**Exercise goal:** From the entries that follow, copy every line with the word "False".

Start of Data shown

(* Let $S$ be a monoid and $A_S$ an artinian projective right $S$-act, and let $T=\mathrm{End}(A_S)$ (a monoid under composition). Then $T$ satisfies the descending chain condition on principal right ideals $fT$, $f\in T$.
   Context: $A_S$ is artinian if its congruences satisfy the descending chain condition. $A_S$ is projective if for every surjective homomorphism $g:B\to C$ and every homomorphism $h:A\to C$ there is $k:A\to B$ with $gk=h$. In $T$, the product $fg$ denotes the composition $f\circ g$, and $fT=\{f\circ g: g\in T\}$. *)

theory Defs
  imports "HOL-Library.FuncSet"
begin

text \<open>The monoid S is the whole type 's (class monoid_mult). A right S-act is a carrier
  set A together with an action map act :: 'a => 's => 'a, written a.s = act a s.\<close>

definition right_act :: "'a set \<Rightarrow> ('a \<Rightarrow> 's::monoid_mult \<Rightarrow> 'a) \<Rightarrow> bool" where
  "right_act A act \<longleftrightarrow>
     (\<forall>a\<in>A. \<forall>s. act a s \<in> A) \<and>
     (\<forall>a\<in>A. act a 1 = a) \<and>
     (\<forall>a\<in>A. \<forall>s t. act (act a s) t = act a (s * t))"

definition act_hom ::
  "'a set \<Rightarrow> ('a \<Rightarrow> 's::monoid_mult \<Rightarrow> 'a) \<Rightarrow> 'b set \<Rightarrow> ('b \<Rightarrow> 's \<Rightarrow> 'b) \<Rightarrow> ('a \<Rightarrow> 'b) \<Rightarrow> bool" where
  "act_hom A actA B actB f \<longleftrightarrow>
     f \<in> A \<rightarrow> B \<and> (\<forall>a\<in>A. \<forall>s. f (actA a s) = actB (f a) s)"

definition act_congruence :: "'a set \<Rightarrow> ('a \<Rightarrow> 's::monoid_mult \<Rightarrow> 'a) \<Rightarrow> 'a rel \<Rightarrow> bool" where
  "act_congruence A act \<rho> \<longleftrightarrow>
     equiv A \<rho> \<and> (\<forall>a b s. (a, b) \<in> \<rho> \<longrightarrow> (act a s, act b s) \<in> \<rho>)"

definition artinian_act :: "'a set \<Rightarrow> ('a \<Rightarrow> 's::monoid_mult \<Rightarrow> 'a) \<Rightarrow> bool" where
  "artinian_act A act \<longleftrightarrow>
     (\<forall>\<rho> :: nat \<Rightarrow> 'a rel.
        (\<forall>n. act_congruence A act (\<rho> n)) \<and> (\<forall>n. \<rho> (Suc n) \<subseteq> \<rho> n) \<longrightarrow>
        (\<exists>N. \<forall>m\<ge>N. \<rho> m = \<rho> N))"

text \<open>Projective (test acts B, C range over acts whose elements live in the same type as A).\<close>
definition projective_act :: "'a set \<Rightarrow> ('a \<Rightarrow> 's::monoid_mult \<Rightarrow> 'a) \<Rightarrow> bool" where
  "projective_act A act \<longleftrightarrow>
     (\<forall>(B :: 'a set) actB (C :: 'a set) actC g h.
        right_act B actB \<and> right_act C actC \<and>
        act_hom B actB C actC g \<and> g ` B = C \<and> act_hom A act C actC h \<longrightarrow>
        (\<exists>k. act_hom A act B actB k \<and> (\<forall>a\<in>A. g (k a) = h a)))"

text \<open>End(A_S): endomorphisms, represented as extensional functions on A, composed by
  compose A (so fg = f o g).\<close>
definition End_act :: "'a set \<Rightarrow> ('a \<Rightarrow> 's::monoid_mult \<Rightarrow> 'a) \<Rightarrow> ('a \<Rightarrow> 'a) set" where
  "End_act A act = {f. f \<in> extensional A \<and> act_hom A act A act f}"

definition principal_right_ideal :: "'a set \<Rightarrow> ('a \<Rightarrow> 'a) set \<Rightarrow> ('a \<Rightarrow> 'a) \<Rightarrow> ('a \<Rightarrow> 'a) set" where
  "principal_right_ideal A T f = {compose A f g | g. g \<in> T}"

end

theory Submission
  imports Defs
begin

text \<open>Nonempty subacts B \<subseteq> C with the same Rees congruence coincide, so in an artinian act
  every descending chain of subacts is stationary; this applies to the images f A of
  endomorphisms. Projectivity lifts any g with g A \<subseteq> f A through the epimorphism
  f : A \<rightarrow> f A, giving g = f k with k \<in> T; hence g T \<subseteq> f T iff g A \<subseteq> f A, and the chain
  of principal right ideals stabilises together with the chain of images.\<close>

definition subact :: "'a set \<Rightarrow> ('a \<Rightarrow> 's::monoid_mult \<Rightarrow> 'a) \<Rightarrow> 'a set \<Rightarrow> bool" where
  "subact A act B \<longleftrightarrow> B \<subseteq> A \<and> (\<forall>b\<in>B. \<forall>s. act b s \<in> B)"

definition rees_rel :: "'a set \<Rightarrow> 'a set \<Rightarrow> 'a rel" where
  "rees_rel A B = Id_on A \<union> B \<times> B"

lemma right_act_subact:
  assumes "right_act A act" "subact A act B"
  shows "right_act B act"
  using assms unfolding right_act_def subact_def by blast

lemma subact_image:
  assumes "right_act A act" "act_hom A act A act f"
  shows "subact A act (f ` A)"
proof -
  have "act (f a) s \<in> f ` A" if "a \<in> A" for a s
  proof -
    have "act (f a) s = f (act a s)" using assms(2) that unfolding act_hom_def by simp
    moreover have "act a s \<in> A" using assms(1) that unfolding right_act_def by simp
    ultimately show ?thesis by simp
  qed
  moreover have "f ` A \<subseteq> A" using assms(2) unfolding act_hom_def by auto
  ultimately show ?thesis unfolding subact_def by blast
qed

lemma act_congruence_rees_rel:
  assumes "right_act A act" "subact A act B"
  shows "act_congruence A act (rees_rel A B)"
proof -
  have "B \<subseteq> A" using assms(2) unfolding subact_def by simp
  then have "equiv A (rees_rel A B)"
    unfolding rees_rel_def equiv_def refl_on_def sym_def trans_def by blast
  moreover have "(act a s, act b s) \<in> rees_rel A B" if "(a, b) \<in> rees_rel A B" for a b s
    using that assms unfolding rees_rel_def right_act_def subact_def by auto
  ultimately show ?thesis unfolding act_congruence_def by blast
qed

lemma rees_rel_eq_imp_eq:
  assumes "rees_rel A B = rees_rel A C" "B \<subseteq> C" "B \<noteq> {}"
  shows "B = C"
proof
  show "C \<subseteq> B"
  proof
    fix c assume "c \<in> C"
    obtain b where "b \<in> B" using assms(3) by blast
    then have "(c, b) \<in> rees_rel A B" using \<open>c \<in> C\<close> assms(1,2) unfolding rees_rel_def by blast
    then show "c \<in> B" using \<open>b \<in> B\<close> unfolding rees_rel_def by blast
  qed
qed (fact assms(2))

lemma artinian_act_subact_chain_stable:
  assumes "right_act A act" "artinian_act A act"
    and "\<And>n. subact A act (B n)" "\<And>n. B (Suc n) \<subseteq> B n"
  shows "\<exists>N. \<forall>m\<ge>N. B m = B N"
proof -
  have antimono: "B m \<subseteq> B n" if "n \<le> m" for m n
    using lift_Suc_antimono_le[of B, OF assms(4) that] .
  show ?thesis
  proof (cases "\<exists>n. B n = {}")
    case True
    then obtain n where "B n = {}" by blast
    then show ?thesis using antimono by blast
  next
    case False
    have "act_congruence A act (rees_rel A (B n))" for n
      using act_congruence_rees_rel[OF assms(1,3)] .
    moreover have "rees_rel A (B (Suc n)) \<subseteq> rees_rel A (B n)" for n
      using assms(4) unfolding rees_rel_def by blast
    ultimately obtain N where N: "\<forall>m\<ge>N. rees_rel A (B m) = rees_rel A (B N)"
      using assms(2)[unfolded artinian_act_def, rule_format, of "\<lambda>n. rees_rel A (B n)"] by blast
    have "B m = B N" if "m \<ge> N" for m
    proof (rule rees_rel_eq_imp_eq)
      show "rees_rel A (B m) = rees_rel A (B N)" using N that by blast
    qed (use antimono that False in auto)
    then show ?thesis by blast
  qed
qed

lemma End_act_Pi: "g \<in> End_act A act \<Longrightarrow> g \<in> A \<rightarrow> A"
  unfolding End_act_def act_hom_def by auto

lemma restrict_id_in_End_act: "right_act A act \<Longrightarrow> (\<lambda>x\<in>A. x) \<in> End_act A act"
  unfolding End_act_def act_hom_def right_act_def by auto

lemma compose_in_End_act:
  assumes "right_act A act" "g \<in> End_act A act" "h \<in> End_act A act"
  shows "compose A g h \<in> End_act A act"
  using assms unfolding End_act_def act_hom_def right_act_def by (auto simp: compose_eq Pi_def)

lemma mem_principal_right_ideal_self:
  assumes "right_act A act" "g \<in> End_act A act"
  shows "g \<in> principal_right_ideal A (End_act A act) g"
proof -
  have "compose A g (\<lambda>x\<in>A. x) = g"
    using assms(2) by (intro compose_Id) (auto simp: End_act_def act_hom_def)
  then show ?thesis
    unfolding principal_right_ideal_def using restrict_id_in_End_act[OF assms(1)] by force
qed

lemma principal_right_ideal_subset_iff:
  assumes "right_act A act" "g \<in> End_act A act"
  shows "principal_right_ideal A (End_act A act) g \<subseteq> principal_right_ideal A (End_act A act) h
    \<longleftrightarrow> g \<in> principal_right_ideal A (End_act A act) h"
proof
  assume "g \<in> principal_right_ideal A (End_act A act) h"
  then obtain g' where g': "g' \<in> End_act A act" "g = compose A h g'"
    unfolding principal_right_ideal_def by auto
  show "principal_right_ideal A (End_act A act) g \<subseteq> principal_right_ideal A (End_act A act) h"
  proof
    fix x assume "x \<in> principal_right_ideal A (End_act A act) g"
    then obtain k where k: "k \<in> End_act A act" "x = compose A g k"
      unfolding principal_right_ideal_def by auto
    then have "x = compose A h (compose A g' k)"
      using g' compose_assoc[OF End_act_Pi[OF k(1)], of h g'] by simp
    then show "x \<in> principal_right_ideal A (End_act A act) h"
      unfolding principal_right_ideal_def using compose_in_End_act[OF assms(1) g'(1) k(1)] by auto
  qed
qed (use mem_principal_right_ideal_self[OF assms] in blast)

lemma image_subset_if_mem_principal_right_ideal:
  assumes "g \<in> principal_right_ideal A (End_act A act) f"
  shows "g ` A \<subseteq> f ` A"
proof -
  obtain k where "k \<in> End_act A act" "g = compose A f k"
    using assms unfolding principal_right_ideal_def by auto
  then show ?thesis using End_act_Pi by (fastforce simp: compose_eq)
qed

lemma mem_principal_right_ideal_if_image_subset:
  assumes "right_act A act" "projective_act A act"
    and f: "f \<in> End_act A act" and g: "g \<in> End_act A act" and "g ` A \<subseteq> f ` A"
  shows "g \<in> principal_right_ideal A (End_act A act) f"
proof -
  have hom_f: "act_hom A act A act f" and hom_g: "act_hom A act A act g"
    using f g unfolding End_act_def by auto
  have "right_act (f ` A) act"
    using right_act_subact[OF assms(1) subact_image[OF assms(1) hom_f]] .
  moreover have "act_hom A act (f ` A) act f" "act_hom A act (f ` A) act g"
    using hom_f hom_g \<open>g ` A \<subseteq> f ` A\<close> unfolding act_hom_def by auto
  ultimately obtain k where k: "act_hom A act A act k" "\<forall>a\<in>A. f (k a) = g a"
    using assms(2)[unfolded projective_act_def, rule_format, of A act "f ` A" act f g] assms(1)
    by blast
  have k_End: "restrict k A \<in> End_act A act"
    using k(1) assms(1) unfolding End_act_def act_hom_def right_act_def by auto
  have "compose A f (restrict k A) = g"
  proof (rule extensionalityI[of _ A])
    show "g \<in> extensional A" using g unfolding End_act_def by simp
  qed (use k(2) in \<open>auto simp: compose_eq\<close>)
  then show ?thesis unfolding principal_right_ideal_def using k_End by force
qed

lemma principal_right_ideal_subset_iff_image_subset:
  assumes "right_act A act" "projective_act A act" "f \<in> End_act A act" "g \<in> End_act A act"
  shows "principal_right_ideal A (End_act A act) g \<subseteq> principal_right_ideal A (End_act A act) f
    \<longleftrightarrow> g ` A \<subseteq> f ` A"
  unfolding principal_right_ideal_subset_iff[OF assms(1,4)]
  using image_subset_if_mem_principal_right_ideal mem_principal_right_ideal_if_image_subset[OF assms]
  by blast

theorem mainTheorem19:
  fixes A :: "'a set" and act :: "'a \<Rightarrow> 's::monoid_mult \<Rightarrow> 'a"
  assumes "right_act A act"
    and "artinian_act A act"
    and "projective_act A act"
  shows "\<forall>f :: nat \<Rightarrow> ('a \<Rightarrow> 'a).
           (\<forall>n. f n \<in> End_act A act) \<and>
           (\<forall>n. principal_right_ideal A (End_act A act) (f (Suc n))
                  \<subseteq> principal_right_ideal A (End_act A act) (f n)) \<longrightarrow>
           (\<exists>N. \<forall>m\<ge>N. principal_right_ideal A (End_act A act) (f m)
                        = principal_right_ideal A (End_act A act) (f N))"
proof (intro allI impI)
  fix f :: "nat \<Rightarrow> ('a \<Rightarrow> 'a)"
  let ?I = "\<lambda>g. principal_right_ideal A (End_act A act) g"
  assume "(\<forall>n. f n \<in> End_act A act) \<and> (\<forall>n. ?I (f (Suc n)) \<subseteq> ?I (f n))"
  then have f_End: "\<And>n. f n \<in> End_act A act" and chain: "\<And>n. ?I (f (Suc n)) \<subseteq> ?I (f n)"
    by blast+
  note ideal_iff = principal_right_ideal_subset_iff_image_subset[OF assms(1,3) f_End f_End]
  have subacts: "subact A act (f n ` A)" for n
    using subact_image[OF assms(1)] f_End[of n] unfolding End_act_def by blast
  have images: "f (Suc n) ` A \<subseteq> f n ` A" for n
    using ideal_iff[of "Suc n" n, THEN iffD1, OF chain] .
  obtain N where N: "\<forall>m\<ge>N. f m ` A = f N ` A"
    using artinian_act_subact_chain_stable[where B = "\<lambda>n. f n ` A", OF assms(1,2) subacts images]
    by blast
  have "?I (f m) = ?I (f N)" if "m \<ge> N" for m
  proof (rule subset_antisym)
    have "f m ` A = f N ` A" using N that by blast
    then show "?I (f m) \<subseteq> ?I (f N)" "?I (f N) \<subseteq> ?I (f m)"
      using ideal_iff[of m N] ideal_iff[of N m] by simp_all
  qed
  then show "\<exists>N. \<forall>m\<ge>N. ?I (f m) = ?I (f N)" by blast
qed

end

End of Data shown

**Exercise result:**
    case False
    qed (use antimono that False in auto)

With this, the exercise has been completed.